The pseudorandom sequence of rotation angles was constrained such that no change of angle between subsequent blocks was >30°, to prevent large switches of rotation that could be confusing to subjects. This led to block-to-block lag 1 autocorrelation of 0.55 and trial-to-trial lag 1 autocorrelation of 0.91 (measured on day 3, when the full range of rotations from −30 to 30° was covered). As rotation angle was fixed during each block of five trials, trial-to-trial autocorrelation was much higher than block-to-block one.
Experiment 1 (visuomotor rotations): analysis.
When plotting movement directions (see Figs. 2⇓–4), we transformed them into azimuth-elevation coordinates (see Fig. 2A). The azimuth angle was calculated as arctan(x/z) and the elevation angle as arctan(y/z); see Figure 2A for axes conventions. In the range of angles used in this study, our elevation is only slightly different from the one usually used in spherical coordinates and given by arcsin(y/r). We used our definition to make the transformation symmetric for x and y; as a result, diagonal rotation of 30° was transformed into (22.2, 22.2°).
When plotting adaptation paths (see Figs. 3, 4), we subtracted baseline movement directions for every subject. The baseline value was calculated as the average over the last 5 trials of every 10 trial washout block preceding probing blocks. The average (±SD) baseline initial direction over subjects in azimuth-elevation coordinates was (−0.1 ± 0.9, −2.8 ± 4.5°), so the baseline elevation tended to be slightly negative (reaching −9 and −12° for two subjects). For every subject, we subtracted this value from all initial direction values. The same was done for late movement hand positions as well, even though here the baselines were almost negligible: (−0.1 ± 0.5, 0.0 ± 1.3°). When analyzing backward movements, we also did baseline correction and had to exclude one of the subjects who made extremely curved backward movements (baseline elevation, 46°). Other subjects had initial direction baselines of (0.1 ± 1.0, 0.0 ± 3.0°).

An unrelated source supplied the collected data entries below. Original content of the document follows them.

(* For every graph $G$ on $m\ge 3$ vertices, $\lambda_2\ge d_3$, where $\lambda_2$ is the second largest eigenvalue of the Laplacian matrix $L(G)$ and $d_3$ is the third largest vertex degree of $G$.
   Context: All graphs are finite, simple, unweighted and undirected. $L(G)=D(G)-A(G)$ with $A(G)$ the adjacency matrix and $D(G)$ the diagonal matrix of degrees. Laplacian eigenvalues $\lambda_1\ge\lambda_2\ge\cdots$ and degrees $d_1\ge d_2\ge\cdots$ are listed in nonincreasing order with multiplicity. *)

theory Defs
  imports "Jordan_Normal_Form.Char_Poly" "HOL-Library.Multiset"
begin

text \<open>A finite simple graph on the vertex set {0..<m} is given by an edge relation
  E that is symmetric and irreflexive on {0..<m}; only its values on {0..<m} matter.\<close>

definition simple_graph :: "nat \<Rightarrow> (nat \<Rightarrow> nat \<Rightarrow> bool) \<Rightarrow> bool" where
  "simple_graph m E \<longleftrightarrow> (\<forall>u<m. \<forall>v<m. E u v \<longleftrightarrow> E v u) \<and> (\<forall>v<m. \<not> E v v)"

definition degree :: "nat \<Rightarrow> (nat \<Rightarrow> nat \<Rightarrow> bool) \<Rightarrow> nat \<Rightarrow> nat" where
  "degree m E v = card {u. u < m \<and> E v u}"

definition adjacency_matrix :: "nat \<Rightarrow> (nat \<Rightarrow> nat \<Rightarrow> bool) \<Rightarrow> real mat" where
  "adjacency_matrix m E = mat m m (\<lambda>(i,j). if E i j then 1 else 0)"

definition degree_matrix :: "nat \<Rightarrow> (nat \<Rightarrow> nat \<Rightarrow> bool) \<Rightarrow> real mat" where
  "degree_matrix m E = mat m m (\<lambda>(i,j). if i = j then real (degree m E i) else 0)"

definition laplacian :: "nat \<Rightarrow> (nat \<Rightarrow> nat \<Rightarrow> bool) \<Rightarrow> real mat" where
  "laplacian m E = degree_matrix m E - adjacency_matrix m E"

text \<open>Laplacian eigenvalues with (algebraic) multiplicity, listed in nonincreasing order:
  the roots of the characteristic polynomial (L is real symmetric, so it splits over the reals).\<close>
definition laplacian_eigenvalues :: "nat \<Rightarrow> (nat \<Rightarrow> nat \<Rightarrow> bool) \<Rightarrow> real list" where
  "laplacian_eigenvalues m E = rev (sorted_list_of_multiset (proots (char_poly (laplacian m E))))"

definition degree_sequence :: "nat \<Rightarrow> (nat \<Rightarrow> nat \<Rightarrow> bool) \<Rightarrow> nat list" where
  "degree_sequence m E = rev (sort (map (degree m E) [0..<m]))"

text \<open>lambda_k and d_k, 1-indexed as in the paper.\<close>
definition lap_eig :: "nat \<Rightarrow> (nat \<Rightarrow> nat \<Rightarrow> bool) \<Rightarrow> nat \<Rightarrow> real" where
  "lap_eig m E k = laplacian_eigenvalues m E ! (k - 1)"

definition deg_k :: "nat \<Rightarrow> (nat \<Rightarrow> nat \<Rightarrow> bool) \<Rightarrow> nat \<Rightarrow> nat" where
  "deg_k m E k = degree_sequence m E ! (k - 1)"

end

theory Submission
  imports Defs "Jordan_Normal_Form.Schur_Decomposition" "Jordan_Normal_Form.Spectral_Radius"
begin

To plot movement trajectories, we transformed each trajectory taken from 200 ms after movement onset until entering the target into the azimuth-elevation coordinates, resampled the resulting trajectory with cubic splines to 20 points equally spaced in time, and then averaged across trials and subjects. To represent the uncertainty, we took the SEM along the direction of largest variance for every point and plotted it perpendicular to the trajectory (see Figs. 3A, 4D). No baseline correction was done for the trajectories, and one can see on Figure 3A that trajectories tend to start below (0, 0), corresponding to the negative baseline elevation.

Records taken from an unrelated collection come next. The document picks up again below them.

definition hom_post_lie_module ::
  "('k::field \<Rightarrow> 'l::ab_group_add \<Rightarrow> 'l) \<Rightarrow> ('l \<Rightarrow> 'l \<Rightarrow> 'l) \<Rightarrow> ('l \<Rightarrow> 'l \<Rightarrow> 'l) \<Rightarrow> ('l \<Rightarrow> 'l)
   \<Rightarrow> ('k \<Rightarrow> 'm::ab_group_add \<Rightarrow> 'm) \<Rightarrow> ('l \<Rightarrow> 'm \<Rightarrow> 'm) \<Rightarrow> ('l \<Rightarrow> 'm \<Rightarrow> 'm)
   \<Rightarrow> ('m \<Rightarrow> 'm) \<Rightarrow> bool" where
  "hom_post_lie_module sL br dot \<alpha> sM dia bul \<alpha>M \<longleftrightarrow>
     hom_post_lie_algebra sL br dot \<alpha> \<and> vector_space sM \<and>
     Vector_Spaces.linear sM sM \<alpha>M \<and>
     bilinear_map sL sM sM dia \<and> bilinear_map sL sM sM bul \<and>
     (\<forall>x m. \<alpha>M (dia x m) = dia (\<alpha> x) (\<alpha>M m)) \<and>
     (\<forall>x m. \<alpha>M (bul x m) = bul (\<alpha> x) (\<alpha>M m)) \<and>
     (\<forall>x y m. dia (br x y) (\<alpha>M m) = dia (\<alpha> x) (dia y m) - dia (\<alpha> y) (dia x m)) \<and>
     (\<forall>x y m. dia (dot x y) (\<alpha>M m) = bul (\<alpha> x) (dia y m) - dia (\<alpha> y) (bul x m)) \<and>
     (\<forall>x y m. bul (br x y) (\<alpha>M m) = bul (\<alpha> x) (bul y m) - bul (\<alpha> y) (bul x m)
                 - bul (dot x y) (\<alpha>M m) + bul (dot y x) (\<alpha>M m))"

end

theory Submission
  imports Defs
begin

text \<open>Twisting along morphisms (Yau's construction): every axiom of the twisted structure is the
  image under the twisting maps of the corresponding original axiom, instantiated at twisted
  arguments. Pushing the twisting maps inwards only needs that they are linear, multiplicative and
  commute with the structure maps \<open>\<alpha>\<close> and \<open>\<alpha>M\<close>. The theorem is the case where \<open>\<alpha>\<close> itself is
  the twisting morphism of the algebra.\<close>

lemma bilinear_map_twist:
  assumes f: "bilinear_map sA sB sC f"
    and h: "Vector_Spaces.linear sA sA h" and g: "Vector_Spaces.linear sC sC g"
  shows "bilinear_map sA sB sC (\<lambda>x y. g (f (h x) y))"
proof -
  have "Vector_Spaces.linear sB sC (g \<circ> f (h x))"
    and "Vector_Spaces.linear sA sC (g \<circ> (\<lambda>x. f x y) \<circ> h)" for x y
    using f g h Vector_Spaces.linear_compose unfolding bilinear_map_def by metis+
  then show ?thesis
    unfolding bilinear_map_def by (simp add: o_def)
qed

lemma hom_post_lie_algebra_twist:
  assumes alg: "hom_post_lie_algebra sL br dot \<alpha>"
    and lin: "Vector_Spaces.linear sL sL \<gamma>"
    and \<gamma>_br: "\<And>x y. \<gamma> (br x y) = br (\<gamma> x) (\<gamma> y)"
    and \<gamma>_dot: "\<And>x y. \<gamma> (dot x y) = dot (\<gamma> x) (\<gamma> y)"
  shows "hom_post_lie_algebra sL (\<lambda>x y. \<gamma> (br x y)) (\<lambda>x y. \<gamma> (dot x y)) (\<gamma> \<circ> \<alpha>)"
proof -
  interpret \<gamma>: Vector_Spaces.linear sL sL \<gamma> by (rule lin)
  from alg have vs: "vector_space sL" and bil_br: "bilinear_map sL sL sL br"
    and bil_dot: "bilinear_map sL sL sL dot"
    and skew: "\<And>x y. br x y = - br y x" and lin_\<alpha>: "Vector_Spaces.linear sL sL \<alpha>"
    and jacobi: "\<And>x y z. br (\<alpha> x) (br y z) + br (\<alpha> y) (br z x) + br (\<alpha> z) (br x y) = 0"
    and derivation: "\<And>x y z. dot (\<alpha> z) (br x y) - br (dot z x) (\<alpha> y) - br (\<alpha> x) (dot z y) = 0"
    and flatness: "\<And>x y z. dot (\<alpha> z) (dot y x) - dot (\<alpha> y) (dot z x) + dot (dot y z) (\<alpha> x)
                             - dot (dot z y) (\<alpha> x) + dot (br y z) (\<alpha> x) = 0"
    unfolding hom_post_lie_algebra_def hom_lie_algebra_def by blast+
  have id: "Vector_Spaces.linear sL sL (\<lambda>x. x)"
    using vs by (rule vector_space.linear_ident)
  show ?thesis
    unfolding hom_post_lie_algebra_def hom_lie_algebra_def
  proof (intro conjI allI)
    show "bilinear_map sL sL sL (\<lambda>x y. \<gamma> (br x y))" "bilinear_map sL sL sL (\<lambda>x y. \<gamma> (dot x y))"
      using bilinear_map_twist[OF bil_br id lin] bilinear_map_twist[OF bil_dot id lin] by simp_all
    show "Vector_Spaces.linear sL sL (\<gamma> \<circ> \<alpha>)"
      using lin_\<alpha> lin by (rule Vector_Spaces.linear_compose)
    fix x y z
    show "\<gamma> (br x y) = - \<gamma> (br y x)"
      by (subst skew) (rule \<gamma>.neg)
    have "\<gamma> (\<gamma> (br (\<alpha> x) (br y z) + br (\<alpha> y) (br z x) + br (\<alpha> z) (br x y))) = 0"
      by (simp add: jacobi)
    then show "\<gamma> (br ((\<gamma> \<circ> \<alpha>) x) (\<gamma> (br y z))) + \<gamma> (br ((\<gamma> \<circ> \<alpha>) y) (\<gamma> (br z x)))
        + \<gamma> (br ((\<gamma> \<circ> \<alpha>) z) (\<gamma> (br x y))) = 0"
      by (simp add: \<gamma>.add \<gamma>_br)
    have "\<gamma> (\<gamma> (dot (\<alpha> z) (br x y) - br (dot z x) (\<alpha> y) - br (\<alpha> x) (dot z y))) = 0"
      by (simp add: derivation)
    then show "\<gamma> (dot ((\<gamma> \<circ> \<alpha>) z) (\<gamma> (br x y))) - \<gamma> (br (\<gamma> (dot z x)) ((\<gamma> \<circ> \<alpha>) y))
        - \<gamma> (br ((\<gamma> \<circ> \<alpha>) x) (\<gamma> (dot z y))) = 0"
      by (simp add: \<gamma>.diff \<gamma>_br \<gamma>_dot)
    have "\<gamma> (\<gamma> (dot (\<alpha> z) (dot y x) - dot (\<alpha> y) (dot z x) + dot (dot y z) (\<alpha> x)
              - dot (dot z y) (\<alpha> x) + dot (br y z) (\<alpha> x))) = 0"
      by (simp add: flatness)
    then show "\<gamma> (dot ((\<gamma> \<circ> \<alpha>) z) (\<gamma> (dot y x))) - \<gamma> (dot ((\<gamma> \<circ> \<alpha>) y) (\<gamma> (dot z x)))
        + \<gamma> (dot (\<gamma> (dot y z)) ((\<gamma> \<circ> \<alpha>) x)) - \<gamma> (dot (\<gamma> (dot z y)) ((\<gamma> \<circ> \<alpha>) x))
        + \<gamma> (dot (\<gamma> (br y z)) ((\<gamma> \<circ> \<alpha>) x)) = 0"
      by (simp add: \<gamma>.add \<gamma>.diff \<gamma>_br \<gamma>_dot)
  qed (fact vs)
qed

Experiment 1 (visuomotor rotations): exponential fits and bootstrapping.
To fit trajectories to adaptation paths (shown with dashed lines on Figs. 3B and 4), we made exponential fits to learning curves separately in azimuth and elevation directions, and then plotted the corresponding trajectory. The sequence of errors was fitted with the following formula: ei(t) = Rexp(−(t − d − 1)/ki), where i stands for either azimuth or elevation, t is the trial number changing from 1 to 5, R is the azimuth/elevation of the rotation angle (22.2°), d is the offset, and ki are time constants. For the initial direction fits, the offset d was set to zero. We defined the learning speed λi as the amount of error (from 0 to 1) corrected on each subsequent trial; straightforward calculation shows that λi = 1 − exp(−1/ki). The least-squares fit (using the Levenberg–Marquardt algorithm implemented in the MATLAB nlinfit function) was done on the nonaveraged data, and the insets in Figure 4, A and B, show learning speeds λi together with 95% confidence intervals.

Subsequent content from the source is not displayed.